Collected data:
· · · ·

lemma convex_Boolean_sublattice_iff:
  fixes S :: "'a::distrib_lattice set"
  shows "convex_sublattice S \<and> iso_Boolean S k \<longleftrightarrow>
    (\<exists>a C. finite C \<and> (\<forall>c\<in>C. covers a c) \<and> card C = k \<and> S = {a..cover_join a C})"
proof
  assume "convex_sublattice S \<and> iso_Boolean S k"
  moreover from this obtain f where "Pow_iso S {0..<k} f"
    unfolding iso_Boolean_def Pow_iso_def by blast
  ultimately obtain a C where "finite C" "\<forall>c\<in>C. covers a c" "card C = card {0..<k}"
      "S = {a..cover_join a C}"
    using convex_Boolean_sublattice_cover_interval[of S "{0..<k}" f] by blast
  then show "\<exists>a C. finite C \<and> (\<forall>c\<in>C. covers a c) \<and> card C = k \<and> S = {a..cover_join a C}"
    by auto
next
  assume "\<exists>a C. finite C \<and> (\<forall>c\<in>C. covers a c) \<and> card C = k \<and> S = {a..cover_join a C}"
  then obtain a C where C: "finite C" "\<forall>c\<in>C. covers a c" and "card C = k"
    and S: "S = {a..cover_join a C}"
    by blast
  have "convex_sublattice S"
    unfolding S by (rule convex_sublattice_interval[OF cover_join_upper(1)[OF C(1)]])
  moreover have "iso_Boolean S k"
    using Pow_iso.iso_Boolean_card[OF cover_interval_Pow_iso[OF C] C(1)] S \<open>card C = k\<close> by simp
  ultimately show "convex_sublattice S \<and> iso_Boolean S k" ..
qed

lemma cover_interval_eq_iff:
  fixes a a' :: "'a::distrib_lattice"
  assumes C: "finite C" "\<forall>c\<in>C. covers a c" and C': "finite C'" "\<forall>c\<in>C'. covers a' c"
  shows "{a..cover_join a C} = {a'..cover_join a' C'} \<longleftrightarrow> a = a' \<and> C = C'"
proof
  assume "{a..cover_join a C} = {a'..cover_join a' C'}"
  then have "a = a'" and top: "cover_join a C = cover_join a' C'"
    using cover_join_upper(1)[OF C(1)] by auto
  have "C = {c. covers a c \<and> c \<le> cover_join a C}" "C' = {c. covers a' c \<and> c \<le> cover_join a' C'}"
    using cover_le_cover_join_iff[OF C] cover_le_cover_join_iff[OF C'] C(2) C'(2) by auto
  with \<open>a = a'\<close> top show "a = a' \<and> C = C'"
    by simp
qed simp

lemma card_convex_Boolean_sublattices:
  fixes L :: "'a::{finite,distrib_lattice} itself"
  shows "q k L = (\<Sum>a\<in>UNIV. deg_minus (a::'a) choose k)"
proof -
  define P where "P = Sigma (UNIV::'a set) (\<lambda>a. {C. C \<subseteq> {b. covers a b} \<and> card C = k})"
  define interval :: "'a \<times> 'a set \<Rightarrow> 'a set" where "interval = (\<lambda>(a, C). {a..cover_join a C})"
  have "{S::'a set. convex_sublattice S \<and> iso_Boolean S k} = interval ` P"
    unfolding convex_Boolean_sublattice_iff P_def interval_def by auto
  moreover have "inj_on interval P"
  proof (rule inj_onI)
    fix x y assume "x \<in> P" "y \<in> P" "interval x = interval y"
    moreover obtain a C a' C' where "x = (a, C)" "y = (a', C')"
      by fastforce
    ultimately show "x = y"
      using cover_interval_eq_iff[of C a C' a'] unfolding P_def interval_def
      by (auto simp del: Icc_eq_Icc)
  qed
  ultimately have "q k L = card P"
    unfolding q_def by (simp add: card_image)
  also have "\<dots> = (\<Sum>a\<in>UNIV. card {C. C \<subseteq> {b. covers (a::'a) b} \<and> card C = k})"
    unfolding P_def by simp
  finally show ?thesis
    unfolding deg_minus_def by (simp add: n_subsets)
qed

lemma Mi_above:
  fixes x b :: "'a::{finite,lattice}"
  assumes "\<not> b \<le> x"
  obtains m where "m \<in> Mi" "x \<le> m" "\<not> b \<le> m"
proof -
  obtain m where m: "\<not> b \<le> m" "x \<le> m" and maximal: "\<And>y. m \<le> y \<Longrightarrow> \<not> b \<le> y \<Longrightarrow> m = y"
    using finite_has_maximal2[of "{y. \<not> b \<le> y}" x] assms by auto
  have "m \<in> Mi"
    unfolding Mi_def
  proof (intro CollectI conjI allI impI)
    have "m \<noteq> sup m b"
      using m(1) by (metis sup_ge2)
    then show "\<exists>y. m < y"
      using sup_ge1 order.not_eq_order_implies_strict by blast
  next
    fix y z assume m_inf: "m = inf y z"
    show "m = y \<or> m = z"
    proof (rule ccontr)
      assume "\<not> (m = y \<or> m = z)"
      moreover have "m \<le> y" "m \<le> z"
        using m_inf by simp_all
      ultimately have "b \<le> y" "b \<le> z"
        using maximal by blast+
      then show False
        using m(1) m_inf by simp
    qed
  qed
  with m that show thesis
    by blast
qed

lemma card_le_width:
  fixes P :: "'a::{finite,order} set"
  assumes "A \<subseteq> P" "antichain_in A"
  shows "card A \<le> width P"
proof -
  have "finite {card A | A. A \<subseteq> P \<and> antichain_in A}"
    using finite_subset[of _ "card ` UNIV"] by auto
  then show ?thesis
    unfolding width_def using assms by (intro Max_ge) auto
qed

lemma deg_minus_le_width:
  fixes a :: "'a::{finite,distrib_lattice}"
  shows "deg_minus a \<le> width (Mi :: 'a set)"
proof -
  define B where "B = {b. covers a b}"
  have "\<not> b \<le> cover_join a (B - {b})" if "b \<in> B" for b
    using cover_le_cover_join_iff[of "B - {b}" a b] that unfolding B_def by auto
  then have "\<forall>b\<in>B. \<exists>m. m \<in> Mi \<and> cover_join a (B - {b}) \<le> m \<and> \<not> b \<le> m"
    by (metis Mi_above)
  then obtain m where m: "\<And>b. b \<in> B \<Longrightarrow> m b \<in> Mi \<and> cover_join a (B - {b}) \<le> m b \<and> \<not> b \<le> m b"
    by metis
  have "b = b'" if "b \<in> B" "b' \<in> B" "m b \<le> m b'" for b b'
  proof (rule ccontr)
    assume "b \<noteq> b'"
    then have "b' \<le> cover_join a (B - {b})"
      using cover_join_upper(2)[of "B - {b}" b' a] that by simp
    then have "b' \<le> m b'"
      using m[OF that(1)] that(3) by (blast intro: order.trans)
    then show False
      using m[OF that(2)] by simp
  qed
  then have "inj_on m B" "antichain_in (m ` B)"
    unfolding antichain_in_def by (auto intro: inj_onI)
  moreover have "m ` B \<subseteq> Mi"
    using m by blast
  ultimately show ?thesis
    unfolding deg_minus_def B_def[symmetric] using card_le_width card_image by metis
qed

lemma pcompose_power: "pcompose (p ^ n) r = pcompose p r ^ n"
  by (induct n) (simp_all add: pcompose_mult pcompose_1)

lemma pcompose_monom: "pcompose (monom c n) r = smult c (r ^ n)"
  by (simp add: monom_altdef pcompose_smult pcompose_power pcompose_pCons)

lemma one_plus_X_power:
  assumes "n \<le> m"
  shows "[:1, 1:] ^ n = (\<Sum>k\<le>m. monom (of_nat (n choose k)) k :: 'a::comm_semiring_1 poly)"
proof -
  have "[:1, 1:] ^ n = ([:0, 1:] + 1 :: 'a poly) ^ n"
    by (simp add: one_pCons)
  also have "\<dots> = (\<Sum>k\<le>n. monom (of_nat (n choose k)) k)"
    unfolding binomial_ring by (simp add: monom_altdef of_nat_mult_conv_smult)
  also have "\<dots> = (\<Sum>k\<le>m. monom (of_nat (n choose k)) k)"
    using assms by (intro sum.mono_neutral_left) (auto simp: binomial_eq_0)
  finally show ?thesis .
qed

lemma pcompose_one_plus_X_counts:
  fixes g :: "'b \<Rightarrow> nat"
  assumes "finite A" "\<forall>x\<in>A. g x \<le> m"
  shows "pcompose (\<Sum>k\<le>m. monom (of_nat (card {x\<in>A. g x = k})) k) [:1, 1:]
    = (\<Sum>k\<le>m. monom (of_nat (\<Sum>x\<in>A. g x choose k)) k :: 'a::comm_semiring_1 poly)"
proof -
  have "pcompose (\<Sum>k\<le>m. monom (of_nat (card {x\<in>A. g x = k})) k) [:1, 1:]
      = (\<Sum>k\<le>m. \<Sum>x\<in>{x\<in>A. g x = k}. [:1, 1 :: 'a:] ^ g x)"
    by (simp add: pcompose_sum pcompose_monom of_nat_mult_conv_smult)
  also have "\<dots> = (\<Sum>x\<in>A. [:1, 1:] ^ g x)"
    using assms by (intro sum.group) auto
  also have "\<dots> = (\<Sum>x\<in>A. \<Sum>k\<le>m. monom (of_nat (g x choose k)) k)"
    using assms(2) one_plus_X_power by (intro sum.cong) auto
  also have "\<dots> = (\<Sum>k\<le>m. monom (of_nat (\<Sum>x\<in>A. g x choose k)) k)"
    by (subst sum.swap) (simp add: monom_sum)
  finally show ?thesis .
qed

theorem corollary8:
  fixes L :: "'a::{finite, distrib_lattice} itself"
  defines "m \<equiv> width (Mi :: 'a set)"
  shows "(\<Sum>k\<le>m. monom (int (q k L)) k)
         = pcompose (\<Sum>k\<le>m. monom (int (d_minus k L)) k) [:1, 1:]"
proof -
  have "\<forall>a::'a. deg_minus a \<le> m"
    unfolding m_def using deg_minus_le_width by blast
  then show ?thesis
    using pcompose_one_plus_X_counts[of "UNIV :: 'a set" deg_minus m, where 'a = int]
    unfolding d_minus_def card_convex_Boolean_sublattices by simp
qed

end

· · · ·

→ Task to complete:
Word for word, please print every line from the beginning of the records to the line bearing "S k \<longleftrightarrow>", counting both ends and stopping there.

→ Answer to this exercise:
lemma convex_Boolean_sublattice_iff:
  fixes S :: "'a::distrib_lattice set"
  shows "convex_sublattice S \<and> iso_Boolean S k \<longleftrightarrow>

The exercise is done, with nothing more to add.